[Saved data entries]
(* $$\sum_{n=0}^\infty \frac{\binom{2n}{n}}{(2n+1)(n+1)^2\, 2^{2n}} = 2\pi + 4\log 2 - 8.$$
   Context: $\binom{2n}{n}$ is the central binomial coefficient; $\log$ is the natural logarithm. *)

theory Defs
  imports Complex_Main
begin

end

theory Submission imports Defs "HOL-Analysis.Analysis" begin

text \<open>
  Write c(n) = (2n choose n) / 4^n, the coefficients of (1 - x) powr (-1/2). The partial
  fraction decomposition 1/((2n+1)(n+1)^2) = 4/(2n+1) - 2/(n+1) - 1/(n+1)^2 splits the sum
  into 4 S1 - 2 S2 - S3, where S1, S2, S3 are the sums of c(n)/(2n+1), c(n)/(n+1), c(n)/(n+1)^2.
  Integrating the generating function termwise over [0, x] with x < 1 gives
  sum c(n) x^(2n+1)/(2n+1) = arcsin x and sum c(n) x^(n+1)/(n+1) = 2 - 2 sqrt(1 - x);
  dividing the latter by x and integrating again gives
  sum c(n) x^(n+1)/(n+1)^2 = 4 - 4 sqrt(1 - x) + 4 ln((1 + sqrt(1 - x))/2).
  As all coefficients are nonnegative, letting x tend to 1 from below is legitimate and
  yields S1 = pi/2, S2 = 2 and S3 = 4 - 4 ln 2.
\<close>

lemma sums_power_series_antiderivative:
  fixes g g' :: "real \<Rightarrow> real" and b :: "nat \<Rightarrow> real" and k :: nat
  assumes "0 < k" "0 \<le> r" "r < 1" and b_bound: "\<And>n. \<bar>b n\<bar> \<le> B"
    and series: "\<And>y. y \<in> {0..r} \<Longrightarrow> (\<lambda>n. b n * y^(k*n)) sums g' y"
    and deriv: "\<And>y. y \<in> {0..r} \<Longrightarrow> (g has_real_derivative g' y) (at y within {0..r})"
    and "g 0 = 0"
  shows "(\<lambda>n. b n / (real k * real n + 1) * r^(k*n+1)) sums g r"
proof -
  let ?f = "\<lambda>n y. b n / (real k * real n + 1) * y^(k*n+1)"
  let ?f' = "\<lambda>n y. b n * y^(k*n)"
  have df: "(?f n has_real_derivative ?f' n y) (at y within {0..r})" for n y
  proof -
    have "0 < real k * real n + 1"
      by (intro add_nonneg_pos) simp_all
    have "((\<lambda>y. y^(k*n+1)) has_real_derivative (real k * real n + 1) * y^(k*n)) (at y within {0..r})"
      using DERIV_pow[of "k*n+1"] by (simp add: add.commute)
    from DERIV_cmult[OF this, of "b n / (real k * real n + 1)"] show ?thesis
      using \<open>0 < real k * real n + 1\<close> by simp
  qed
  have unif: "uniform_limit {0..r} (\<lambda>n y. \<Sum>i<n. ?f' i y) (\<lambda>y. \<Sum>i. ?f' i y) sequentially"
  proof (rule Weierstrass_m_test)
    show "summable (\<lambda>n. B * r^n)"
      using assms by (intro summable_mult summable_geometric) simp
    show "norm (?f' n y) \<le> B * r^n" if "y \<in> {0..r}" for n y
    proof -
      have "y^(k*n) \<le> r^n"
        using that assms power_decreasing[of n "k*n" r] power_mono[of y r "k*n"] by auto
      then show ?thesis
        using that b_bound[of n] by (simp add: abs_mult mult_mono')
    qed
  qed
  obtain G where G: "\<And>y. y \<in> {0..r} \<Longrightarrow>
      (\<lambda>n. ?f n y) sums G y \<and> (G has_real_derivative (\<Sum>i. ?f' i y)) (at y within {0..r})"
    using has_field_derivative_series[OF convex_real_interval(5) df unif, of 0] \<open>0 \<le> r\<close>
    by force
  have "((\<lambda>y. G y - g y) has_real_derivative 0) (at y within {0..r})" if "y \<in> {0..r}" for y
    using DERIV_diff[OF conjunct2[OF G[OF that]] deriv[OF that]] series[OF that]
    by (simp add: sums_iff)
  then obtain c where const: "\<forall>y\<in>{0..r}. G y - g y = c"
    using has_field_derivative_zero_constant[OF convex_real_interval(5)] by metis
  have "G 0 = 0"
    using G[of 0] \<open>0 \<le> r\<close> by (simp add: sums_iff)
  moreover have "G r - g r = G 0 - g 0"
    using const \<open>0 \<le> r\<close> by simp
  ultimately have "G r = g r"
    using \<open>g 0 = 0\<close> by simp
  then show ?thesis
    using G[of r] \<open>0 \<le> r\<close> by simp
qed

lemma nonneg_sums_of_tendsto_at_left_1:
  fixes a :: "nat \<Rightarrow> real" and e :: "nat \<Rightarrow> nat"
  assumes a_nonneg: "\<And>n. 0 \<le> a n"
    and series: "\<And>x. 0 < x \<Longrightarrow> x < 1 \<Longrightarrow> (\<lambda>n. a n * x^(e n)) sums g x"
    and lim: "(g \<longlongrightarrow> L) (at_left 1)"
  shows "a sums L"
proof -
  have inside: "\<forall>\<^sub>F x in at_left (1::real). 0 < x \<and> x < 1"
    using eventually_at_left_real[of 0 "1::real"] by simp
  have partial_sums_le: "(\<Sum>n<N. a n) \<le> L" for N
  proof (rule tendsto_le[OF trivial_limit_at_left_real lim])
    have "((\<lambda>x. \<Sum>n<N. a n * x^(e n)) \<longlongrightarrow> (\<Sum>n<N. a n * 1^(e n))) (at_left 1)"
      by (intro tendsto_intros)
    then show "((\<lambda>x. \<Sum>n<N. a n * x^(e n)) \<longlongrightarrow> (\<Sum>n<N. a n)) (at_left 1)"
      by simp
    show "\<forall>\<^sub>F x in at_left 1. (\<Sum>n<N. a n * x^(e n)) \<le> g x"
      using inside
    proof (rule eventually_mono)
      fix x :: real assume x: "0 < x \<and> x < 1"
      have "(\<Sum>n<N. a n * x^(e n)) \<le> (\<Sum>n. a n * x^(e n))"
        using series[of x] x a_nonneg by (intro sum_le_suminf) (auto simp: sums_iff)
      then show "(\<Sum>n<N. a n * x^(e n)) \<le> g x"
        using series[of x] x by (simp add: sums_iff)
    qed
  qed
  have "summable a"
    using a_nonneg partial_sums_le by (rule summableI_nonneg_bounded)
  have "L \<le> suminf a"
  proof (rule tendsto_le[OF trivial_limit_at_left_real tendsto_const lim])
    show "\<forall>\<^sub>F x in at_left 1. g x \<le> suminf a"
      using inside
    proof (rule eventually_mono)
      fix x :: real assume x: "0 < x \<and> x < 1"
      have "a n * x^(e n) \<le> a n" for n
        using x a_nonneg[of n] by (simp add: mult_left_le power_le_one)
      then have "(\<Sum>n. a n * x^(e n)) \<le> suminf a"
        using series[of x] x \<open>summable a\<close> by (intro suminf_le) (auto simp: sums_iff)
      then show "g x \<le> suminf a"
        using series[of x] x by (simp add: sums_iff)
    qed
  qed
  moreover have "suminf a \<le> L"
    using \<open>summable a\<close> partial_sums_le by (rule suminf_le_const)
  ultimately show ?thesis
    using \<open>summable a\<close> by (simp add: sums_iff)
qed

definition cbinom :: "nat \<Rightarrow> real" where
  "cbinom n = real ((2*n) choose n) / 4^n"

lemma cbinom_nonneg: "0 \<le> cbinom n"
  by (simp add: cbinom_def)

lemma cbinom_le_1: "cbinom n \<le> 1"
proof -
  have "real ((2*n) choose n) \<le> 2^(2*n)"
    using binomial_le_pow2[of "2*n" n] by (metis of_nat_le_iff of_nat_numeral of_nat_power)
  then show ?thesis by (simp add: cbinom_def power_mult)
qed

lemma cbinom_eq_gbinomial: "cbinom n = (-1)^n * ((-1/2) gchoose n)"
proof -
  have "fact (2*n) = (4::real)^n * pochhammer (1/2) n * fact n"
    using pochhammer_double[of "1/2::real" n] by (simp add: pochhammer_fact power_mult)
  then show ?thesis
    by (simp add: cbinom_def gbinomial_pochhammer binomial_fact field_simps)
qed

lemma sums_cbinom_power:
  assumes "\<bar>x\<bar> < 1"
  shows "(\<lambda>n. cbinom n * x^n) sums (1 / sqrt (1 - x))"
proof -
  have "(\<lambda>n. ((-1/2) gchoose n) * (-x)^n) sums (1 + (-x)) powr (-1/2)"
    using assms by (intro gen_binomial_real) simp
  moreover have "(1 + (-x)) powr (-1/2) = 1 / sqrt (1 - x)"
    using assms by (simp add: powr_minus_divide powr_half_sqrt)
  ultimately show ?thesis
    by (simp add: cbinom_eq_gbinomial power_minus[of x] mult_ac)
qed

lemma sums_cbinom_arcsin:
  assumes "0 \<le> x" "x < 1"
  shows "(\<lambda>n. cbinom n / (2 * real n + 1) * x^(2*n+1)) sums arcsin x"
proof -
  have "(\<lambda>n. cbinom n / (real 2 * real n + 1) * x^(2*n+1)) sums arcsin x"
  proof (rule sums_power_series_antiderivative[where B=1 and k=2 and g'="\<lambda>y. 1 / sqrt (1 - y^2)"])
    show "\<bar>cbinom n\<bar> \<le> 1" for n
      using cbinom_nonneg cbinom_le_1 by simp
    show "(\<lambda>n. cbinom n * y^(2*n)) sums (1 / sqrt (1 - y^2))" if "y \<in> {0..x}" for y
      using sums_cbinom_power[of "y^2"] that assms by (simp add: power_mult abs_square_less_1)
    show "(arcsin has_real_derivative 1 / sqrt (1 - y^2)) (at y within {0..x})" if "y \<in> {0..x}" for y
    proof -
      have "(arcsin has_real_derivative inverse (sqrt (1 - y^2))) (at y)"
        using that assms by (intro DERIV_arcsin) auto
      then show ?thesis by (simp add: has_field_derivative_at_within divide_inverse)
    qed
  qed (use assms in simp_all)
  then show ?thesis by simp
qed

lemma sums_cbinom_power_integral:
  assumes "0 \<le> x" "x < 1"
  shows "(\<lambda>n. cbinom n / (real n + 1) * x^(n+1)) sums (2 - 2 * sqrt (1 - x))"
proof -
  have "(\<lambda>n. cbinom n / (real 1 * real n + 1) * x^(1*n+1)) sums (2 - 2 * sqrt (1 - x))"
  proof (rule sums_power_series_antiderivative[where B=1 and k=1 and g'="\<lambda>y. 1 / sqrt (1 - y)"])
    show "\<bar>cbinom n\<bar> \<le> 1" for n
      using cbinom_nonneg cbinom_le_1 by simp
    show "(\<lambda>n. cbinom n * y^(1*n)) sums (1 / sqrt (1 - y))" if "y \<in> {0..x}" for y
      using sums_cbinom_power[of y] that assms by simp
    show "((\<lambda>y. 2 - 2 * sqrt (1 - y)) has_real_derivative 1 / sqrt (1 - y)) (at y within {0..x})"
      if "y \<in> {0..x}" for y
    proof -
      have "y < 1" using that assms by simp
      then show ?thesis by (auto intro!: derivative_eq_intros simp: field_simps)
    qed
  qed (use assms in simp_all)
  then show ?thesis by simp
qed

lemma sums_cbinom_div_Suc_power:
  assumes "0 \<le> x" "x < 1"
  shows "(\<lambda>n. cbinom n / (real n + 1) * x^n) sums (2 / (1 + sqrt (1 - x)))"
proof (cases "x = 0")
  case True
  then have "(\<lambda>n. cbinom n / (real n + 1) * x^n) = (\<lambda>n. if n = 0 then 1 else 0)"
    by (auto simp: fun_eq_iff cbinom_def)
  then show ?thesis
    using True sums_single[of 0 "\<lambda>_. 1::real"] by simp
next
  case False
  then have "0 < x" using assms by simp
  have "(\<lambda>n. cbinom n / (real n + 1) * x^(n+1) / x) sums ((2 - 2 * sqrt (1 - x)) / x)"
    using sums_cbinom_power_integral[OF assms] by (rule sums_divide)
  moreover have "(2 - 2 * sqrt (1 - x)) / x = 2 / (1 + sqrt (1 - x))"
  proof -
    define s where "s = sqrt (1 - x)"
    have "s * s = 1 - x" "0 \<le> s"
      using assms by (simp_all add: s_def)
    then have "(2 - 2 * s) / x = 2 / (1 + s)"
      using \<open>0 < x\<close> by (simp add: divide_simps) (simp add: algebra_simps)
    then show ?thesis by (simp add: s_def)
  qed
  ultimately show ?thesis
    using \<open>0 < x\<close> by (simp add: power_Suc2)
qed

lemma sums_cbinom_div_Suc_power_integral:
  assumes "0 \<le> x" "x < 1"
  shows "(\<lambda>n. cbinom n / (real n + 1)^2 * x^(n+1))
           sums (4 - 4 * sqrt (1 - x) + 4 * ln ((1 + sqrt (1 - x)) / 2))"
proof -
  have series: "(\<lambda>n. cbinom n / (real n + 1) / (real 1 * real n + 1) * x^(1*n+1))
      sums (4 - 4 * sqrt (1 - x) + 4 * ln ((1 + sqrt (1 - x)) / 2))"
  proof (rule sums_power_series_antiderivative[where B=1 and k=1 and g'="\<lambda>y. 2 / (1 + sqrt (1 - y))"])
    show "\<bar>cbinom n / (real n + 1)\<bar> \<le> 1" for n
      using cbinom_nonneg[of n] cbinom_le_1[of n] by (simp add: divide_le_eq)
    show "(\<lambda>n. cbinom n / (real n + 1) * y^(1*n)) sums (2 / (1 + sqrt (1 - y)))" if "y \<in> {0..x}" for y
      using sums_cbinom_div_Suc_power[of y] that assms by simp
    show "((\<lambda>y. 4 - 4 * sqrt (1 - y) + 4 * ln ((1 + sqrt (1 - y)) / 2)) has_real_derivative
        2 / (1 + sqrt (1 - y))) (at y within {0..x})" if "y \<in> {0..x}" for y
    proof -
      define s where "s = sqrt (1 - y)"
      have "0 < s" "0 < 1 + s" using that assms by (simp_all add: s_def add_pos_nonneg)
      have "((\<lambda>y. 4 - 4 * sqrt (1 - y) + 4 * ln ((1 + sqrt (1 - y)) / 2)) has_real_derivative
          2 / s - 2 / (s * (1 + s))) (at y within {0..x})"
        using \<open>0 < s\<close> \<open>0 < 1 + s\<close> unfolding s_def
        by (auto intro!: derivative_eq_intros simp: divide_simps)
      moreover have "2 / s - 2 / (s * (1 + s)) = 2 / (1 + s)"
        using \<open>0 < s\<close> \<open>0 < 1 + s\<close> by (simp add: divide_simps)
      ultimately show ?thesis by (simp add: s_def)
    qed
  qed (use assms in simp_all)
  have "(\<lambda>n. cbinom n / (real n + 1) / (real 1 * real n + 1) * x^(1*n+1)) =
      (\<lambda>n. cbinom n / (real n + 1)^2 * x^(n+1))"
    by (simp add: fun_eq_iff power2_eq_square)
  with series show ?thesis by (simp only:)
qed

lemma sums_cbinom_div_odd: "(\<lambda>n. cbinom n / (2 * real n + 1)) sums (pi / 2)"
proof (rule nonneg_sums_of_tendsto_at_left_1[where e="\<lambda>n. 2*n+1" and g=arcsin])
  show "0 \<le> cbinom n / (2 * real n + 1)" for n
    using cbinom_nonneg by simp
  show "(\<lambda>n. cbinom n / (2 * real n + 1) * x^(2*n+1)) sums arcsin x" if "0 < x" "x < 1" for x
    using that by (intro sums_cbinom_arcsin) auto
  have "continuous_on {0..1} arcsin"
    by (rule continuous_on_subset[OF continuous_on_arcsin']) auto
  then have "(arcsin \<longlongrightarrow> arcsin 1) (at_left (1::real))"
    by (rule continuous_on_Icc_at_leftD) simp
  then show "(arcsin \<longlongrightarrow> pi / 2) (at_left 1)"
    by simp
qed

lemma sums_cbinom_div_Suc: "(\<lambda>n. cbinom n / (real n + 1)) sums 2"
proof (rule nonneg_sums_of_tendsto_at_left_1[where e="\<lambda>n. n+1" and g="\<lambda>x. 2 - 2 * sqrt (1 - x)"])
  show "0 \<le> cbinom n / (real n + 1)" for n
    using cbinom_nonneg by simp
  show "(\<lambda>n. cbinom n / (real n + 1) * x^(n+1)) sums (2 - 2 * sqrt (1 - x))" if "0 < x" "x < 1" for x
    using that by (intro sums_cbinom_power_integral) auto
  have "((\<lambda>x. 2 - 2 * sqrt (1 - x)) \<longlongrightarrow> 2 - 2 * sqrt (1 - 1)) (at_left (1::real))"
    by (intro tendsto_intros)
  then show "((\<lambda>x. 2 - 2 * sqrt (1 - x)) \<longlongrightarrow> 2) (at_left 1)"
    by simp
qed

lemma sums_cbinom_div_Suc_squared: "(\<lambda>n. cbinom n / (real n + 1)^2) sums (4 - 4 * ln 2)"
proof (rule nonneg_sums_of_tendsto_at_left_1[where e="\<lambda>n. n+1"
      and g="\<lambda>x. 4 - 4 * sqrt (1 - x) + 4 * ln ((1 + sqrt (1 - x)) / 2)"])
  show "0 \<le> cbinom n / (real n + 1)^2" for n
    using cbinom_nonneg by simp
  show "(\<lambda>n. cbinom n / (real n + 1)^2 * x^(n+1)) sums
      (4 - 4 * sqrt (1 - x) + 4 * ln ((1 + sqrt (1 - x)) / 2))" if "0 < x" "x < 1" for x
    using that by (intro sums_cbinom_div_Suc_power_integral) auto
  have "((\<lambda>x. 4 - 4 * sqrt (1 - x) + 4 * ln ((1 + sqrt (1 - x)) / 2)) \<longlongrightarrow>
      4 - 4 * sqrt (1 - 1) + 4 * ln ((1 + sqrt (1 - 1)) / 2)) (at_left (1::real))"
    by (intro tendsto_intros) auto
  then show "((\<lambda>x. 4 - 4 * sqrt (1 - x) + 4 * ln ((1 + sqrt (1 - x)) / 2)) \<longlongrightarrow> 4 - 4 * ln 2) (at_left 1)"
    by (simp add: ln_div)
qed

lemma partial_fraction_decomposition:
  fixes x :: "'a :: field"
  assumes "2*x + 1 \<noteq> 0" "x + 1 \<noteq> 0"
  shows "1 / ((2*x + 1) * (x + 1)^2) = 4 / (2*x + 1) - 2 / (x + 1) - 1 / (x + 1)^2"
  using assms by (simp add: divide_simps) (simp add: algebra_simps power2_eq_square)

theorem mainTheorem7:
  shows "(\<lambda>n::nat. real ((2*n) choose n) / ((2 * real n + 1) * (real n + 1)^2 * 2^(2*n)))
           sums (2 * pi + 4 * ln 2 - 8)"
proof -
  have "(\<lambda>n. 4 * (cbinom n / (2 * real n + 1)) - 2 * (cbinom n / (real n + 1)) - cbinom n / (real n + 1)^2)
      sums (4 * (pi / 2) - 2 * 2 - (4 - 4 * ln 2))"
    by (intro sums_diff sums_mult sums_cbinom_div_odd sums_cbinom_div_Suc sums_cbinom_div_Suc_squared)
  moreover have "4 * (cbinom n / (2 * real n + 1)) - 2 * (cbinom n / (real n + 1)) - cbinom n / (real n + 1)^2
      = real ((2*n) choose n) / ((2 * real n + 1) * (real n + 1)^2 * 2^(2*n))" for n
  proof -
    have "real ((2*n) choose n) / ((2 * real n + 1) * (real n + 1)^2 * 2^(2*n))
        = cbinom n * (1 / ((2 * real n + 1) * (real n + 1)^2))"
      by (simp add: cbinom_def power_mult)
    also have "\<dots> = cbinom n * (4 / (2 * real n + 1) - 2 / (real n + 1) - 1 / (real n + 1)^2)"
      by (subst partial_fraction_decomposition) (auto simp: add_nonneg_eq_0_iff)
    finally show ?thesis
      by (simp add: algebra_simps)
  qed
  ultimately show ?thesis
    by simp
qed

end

WHAT TO WORK ON: Give back the lines of the data exactly as they are written, from the first line through the line containing "sum c(n) x^(n+1)/(n+1)^2".

RESPONSE TO THIS EXERCISE:
(* $$\sum_{n=0}^\infty \frac{\binom{2n}{n}}{(2n+1)(n+1)^2\, 2^{2n}} = 2\pi + 4\log 2 - 8.$$
   Context: $\binom{2n}{n}$ is the central binomial coefficient; $\log$ is the natural logarithm. *)

theory Defs
  imports Complex_Main
begin

end

theory Submission imports Defs "HOL-Analysis.Analysis" begin

text \<open>
  Write c(n) = (2n choose n) / 4^n, the coefficients of (1 - x) powr (-1/2). The partial
  fraction decomposition 1/((2n+1)(n+1)^2) = 4/(2n+1) - 2/(n+1) - 1/(n+1)^2 splits the sum
  into 4 S1 - 2 S2 - S3, where S1, S2, S3 are the sums of c(n)/(2n+1), c(n)/(n+1), c(n)/(n+1)^2.
  Integrating the generating function termwise over [0, x] with x < 1 gives
  sum c(n) x^(2n+1)/(2n+1) = arcsin x and sum c(n) x^(n+1)/(n+1) = 2 - 2 sqrt(1 - x);
  dividing the latter by x and integrating again gives
  sum c(n) x^(n+1)/(n+1)^2 = 4 - 4 sqrt(1 - x) + 4 ln((1 + sqrt(1 - x))/2).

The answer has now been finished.